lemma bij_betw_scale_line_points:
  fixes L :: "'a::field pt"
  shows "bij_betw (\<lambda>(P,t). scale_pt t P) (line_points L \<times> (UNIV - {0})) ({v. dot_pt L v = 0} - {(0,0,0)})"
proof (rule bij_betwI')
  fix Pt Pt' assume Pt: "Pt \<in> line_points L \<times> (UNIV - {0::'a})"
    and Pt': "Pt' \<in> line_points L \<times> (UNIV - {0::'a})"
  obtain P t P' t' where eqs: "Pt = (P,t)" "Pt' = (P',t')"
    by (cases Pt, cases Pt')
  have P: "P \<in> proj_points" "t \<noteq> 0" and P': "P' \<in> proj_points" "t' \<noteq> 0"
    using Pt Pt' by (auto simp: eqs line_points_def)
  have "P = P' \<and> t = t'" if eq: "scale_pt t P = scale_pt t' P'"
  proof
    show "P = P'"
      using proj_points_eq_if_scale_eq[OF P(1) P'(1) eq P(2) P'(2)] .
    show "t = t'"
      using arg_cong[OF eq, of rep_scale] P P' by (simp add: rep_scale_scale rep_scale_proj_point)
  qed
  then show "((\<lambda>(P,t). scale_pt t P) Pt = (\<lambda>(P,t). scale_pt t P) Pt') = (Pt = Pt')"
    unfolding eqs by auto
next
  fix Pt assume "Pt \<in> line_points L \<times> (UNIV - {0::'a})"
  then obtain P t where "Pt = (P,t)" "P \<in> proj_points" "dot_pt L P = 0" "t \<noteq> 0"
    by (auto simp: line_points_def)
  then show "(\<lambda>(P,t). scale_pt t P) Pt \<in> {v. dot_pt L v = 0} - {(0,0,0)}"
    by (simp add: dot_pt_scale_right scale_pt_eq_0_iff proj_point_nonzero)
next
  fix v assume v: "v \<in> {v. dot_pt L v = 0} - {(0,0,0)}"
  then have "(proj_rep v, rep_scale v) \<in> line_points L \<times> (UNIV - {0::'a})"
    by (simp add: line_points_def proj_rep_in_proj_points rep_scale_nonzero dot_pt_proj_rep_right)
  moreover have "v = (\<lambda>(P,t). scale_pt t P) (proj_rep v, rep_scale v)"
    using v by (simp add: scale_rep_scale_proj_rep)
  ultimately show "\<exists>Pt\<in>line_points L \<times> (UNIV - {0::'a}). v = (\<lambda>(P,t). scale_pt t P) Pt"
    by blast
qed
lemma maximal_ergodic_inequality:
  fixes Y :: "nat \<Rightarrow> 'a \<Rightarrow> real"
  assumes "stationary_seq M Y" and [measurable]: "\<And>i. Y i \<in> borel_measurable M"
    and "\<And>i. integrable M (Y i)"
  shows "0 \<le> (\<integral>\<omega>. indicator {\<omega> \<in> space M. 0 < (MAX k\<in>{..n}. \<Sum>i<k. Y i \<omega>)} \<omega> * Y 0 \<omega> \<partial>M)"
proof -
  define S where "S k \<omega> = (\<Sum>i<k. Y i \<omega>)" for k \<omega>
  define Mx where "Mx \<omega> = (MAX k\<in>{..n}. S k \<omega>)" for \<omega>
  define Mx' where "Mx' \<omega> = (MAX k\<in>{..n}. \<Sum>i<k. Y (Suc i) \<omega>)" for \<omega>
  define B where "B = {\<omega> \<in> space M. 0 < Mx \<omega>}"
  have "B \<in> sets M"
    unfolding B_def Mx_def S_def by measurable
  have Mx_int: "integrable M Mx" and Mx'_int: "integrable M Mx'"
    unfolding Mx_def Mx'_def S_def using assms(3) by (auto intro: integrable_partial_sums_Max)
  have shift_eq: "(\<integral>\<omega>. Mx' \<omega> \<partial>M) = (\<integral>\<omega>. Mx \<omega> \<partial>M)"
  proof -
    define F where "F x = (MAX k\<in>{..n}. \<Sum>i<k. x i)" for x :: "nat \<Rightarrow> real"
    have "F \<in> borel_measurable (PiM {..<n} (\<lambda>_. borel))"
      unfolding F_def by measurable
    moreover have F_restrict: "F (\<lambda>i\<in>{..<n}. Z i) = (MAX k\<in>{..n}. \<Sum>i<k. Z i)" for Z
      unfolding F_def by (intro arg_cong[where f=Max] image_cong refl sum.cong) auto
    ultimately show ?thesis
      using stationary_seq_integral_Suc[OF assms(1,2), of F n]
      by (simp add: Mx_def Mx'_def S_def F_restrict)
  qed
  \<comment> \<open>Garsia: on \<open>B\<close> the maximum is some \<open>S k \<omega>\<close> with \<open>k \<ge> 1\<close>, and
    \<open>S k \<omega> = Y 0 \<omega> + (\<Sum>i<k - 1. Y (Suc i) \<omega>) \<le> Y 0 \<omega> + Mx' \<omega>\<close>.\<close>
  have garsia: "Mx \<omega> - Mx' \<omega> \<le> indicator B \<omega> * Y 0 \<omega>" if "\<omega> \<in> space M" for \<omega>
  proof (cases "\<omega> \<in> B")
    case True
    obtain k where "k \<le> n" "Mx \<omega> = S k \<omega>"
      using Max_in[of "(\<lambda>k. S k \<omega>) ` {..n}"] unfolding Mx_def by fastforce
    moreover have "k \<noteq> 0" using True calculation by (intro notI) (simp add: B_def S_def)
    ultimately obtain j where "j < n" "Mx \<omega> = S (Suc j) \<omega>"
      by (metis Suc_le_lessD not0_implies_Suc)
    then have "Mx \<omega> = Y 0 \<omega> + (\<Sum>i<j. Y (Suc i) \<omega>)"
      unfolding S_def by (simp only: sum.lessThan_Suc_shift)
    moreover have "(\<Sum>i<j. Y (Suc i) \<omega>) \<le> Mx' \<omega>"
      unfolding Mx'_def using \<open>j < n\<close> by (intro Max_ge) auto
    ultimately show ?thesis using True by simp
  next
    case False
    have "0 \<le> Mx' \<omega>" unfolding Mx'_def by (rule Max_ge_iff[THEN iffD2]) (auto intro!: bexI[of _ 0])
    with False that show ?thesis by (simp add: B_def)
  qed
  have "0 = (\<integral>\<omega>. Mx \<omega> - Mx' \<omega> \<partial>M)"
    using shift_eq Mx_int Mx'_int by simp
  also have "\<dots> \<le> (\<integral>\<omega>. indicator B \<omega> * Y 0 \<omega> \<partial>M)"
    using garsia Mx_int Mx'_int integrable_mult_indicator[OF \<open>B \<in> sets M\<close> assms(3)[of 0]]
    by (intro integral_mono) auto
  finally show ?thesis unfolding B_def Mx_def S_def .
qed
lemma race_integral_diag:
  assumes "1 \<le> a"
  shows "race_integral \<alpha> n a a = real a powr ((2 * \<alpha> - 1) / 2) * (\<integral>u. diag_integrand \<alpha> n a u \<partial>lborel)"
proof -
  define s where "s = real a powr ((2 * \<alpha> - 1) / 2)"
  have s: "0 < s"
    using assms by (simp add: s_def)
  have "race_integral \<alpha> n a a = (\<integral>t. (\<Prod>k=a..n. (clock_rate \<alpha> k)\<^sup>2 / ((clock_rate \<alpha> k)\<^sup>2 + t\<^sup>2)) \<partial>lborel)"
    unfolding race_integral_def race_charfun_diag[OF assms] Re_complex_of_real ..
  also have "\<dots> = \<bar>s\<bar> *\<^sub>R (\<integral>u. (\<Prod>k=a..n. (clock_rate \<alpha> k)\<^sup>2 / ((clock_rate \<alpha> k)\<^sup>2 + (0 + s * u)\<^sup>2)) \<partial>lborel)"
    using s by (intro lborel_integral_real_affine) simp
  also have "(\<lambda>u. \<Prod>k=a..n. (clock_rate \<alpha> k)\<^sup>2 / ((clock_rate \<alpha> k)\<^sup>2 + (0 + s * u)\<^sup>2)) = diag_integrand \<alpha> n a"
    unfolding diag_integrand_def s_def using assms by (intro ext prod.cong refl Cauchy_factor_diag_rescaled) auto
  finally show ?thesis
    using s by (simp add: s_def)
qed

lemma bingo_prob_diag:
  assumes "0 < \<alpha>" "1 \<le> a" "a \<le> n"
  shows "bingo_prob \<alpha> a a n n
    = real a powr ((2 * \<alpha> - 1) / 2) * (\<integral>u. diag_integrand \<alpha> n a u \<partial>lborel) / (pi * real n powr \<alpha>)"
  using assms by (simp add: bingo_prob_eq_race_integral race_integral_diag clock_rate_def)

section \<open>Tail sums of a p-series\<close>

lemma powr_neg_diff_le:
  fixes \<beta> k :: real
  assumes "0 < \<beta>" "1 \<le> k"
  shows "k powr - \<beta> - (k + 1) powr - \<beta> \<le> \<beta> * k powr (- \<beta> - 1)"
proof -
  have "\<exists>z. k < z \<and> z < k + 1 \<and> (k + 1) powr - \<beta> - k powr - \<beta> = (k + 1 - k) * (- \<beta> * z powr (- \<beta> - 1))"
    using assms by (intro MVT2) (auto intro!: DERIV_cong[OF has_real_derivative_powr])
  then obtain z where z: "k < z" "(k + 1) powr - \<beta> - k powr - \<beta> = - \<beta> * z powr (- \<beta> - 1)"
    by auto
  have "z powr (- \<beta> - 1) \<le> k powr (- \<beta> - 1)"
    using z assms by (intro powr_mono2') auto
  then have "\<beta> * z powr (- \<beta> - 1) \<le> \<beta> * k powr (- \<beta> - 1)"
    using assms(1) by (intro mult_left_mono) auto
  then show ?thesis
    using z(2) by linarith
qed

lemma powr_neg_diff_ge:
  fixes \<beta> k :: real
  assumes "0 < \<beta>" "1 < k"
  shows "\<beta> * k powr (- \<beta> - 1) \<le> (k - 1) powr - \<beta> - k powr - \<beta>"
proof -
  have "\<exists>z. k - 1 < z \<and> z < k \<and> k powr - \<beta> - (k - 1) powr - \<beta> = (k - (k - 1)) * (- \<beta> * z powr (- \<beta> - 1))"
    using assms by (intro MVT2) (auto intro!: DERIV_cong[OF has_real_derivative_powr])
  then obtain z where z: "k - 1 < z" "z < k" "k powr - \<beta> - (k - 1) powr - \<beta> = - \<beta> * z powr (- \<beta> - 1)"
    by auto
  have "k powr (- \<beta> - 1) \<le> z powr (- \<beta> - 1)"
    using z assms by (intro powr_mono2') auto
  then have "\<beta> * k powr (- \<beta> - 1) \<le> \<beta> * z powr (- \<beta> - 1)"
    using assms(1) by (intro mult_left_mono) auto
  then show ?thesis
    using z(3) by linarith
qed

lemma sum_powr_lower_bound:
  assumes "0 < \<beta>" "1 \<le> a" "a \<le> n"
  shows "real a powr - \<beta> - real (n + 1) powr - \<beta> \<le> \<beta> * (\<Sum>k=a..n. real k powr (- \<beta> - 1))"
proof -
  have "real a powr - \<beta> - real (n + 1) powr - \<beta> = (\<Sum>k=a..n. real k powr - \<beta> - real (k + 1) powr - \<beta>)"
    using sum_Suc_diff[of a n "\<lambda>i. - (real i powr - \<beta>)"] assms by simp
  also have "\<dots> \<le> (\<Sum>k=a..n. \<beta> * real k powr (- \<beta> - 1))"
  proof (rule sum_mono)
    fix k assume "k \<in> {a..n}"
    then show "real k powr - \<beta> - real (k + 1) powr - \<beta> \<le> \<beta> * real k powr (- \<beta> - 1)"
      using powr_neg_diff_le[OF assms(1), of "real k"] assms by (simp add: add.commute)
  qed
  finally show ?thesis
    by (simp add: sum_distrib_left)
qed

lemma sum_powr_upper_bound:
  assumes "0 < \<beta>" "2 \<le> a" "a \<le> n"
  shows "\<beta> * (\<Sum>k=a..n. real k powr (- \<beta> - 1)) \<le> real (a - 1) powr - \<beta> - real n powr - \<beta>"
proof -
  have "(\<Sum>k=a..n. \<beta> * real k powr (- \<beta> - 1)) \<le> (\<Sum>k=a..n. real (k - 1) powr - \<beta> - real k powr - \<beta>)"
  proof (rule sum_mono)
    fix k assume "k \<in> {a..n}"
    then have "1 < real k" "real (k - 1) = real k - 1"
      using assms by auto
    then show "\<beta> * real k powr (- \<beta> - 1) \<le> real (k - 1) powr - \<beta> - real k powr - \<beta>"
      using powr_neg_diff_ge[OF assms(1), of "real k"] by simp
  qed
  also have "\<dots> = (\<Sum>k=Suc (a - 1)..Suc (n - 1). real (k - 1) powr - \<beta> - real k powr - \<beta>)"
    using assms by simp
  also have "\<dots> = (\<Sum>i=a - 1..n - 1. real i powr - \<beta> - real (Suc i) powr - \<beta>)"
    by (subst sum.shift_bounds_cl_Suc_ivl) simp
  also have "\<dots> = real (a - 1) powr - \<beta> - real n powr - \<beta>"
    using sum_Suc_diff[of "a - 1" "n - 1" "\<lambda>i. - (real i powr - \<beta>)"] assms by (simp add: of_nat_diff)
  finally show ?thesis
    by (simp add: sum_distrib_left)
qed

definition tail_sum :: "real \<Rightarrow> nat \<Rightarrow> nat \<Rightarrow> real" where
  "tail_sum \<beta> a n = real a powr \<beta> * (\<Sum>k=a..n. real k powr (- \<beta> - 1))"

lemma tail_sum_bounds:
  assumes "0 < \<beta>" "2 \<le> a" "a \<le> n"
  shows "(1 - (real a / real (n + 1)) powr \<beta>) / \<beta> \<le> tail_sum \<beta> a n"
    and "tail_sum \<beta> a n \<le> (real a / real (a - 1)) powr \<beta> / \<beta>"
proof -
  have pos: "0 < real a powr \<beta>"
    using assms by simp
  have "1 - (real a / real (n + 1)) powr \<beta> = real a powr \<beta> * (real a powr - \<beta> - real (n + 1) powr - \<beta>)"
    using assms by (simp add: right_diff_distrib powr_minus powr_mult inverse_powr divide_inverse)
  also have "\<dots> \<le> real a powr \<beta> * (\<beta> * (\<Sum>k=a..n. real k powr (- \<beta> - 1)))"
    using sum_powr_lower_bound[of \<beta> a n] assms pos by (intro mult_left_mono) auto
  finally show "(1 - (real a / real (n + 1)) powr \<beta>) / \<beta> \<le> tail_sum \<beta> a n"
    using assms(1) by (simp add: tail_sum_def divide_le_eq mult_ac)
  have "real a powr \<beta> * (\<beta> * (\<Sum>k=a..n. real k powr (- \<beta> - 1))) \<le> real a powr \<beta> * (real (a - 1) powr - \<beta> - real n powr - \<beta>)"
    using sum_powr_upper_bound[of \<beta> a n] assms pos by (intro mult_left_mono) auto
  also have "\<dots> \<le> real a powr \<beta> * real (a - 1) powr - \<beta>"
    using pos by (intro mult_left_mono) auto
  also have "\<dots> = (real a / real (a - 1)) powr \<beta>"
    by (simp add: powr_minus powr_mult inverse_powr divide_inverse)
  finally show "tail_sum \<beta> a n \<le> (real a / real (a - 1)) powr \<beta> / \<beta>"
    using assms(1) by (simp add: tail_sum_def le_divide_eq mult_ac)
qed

--------------------

The answer must be all the lines above that hold the word "ultimately".

- **Solution**:
  ultimately show "\<exists>Pt\<in>line_points L \<times> (UNIV - {0::'a}). v = (\<lambda>(P,t). scale_pt t P) Pt"
    ultimately show ?thesis
    ultimately obtain j where "j < n" "Mx \<omega> = S (Suc j) \<omega>"
    ultimately show ?thesis using True by simp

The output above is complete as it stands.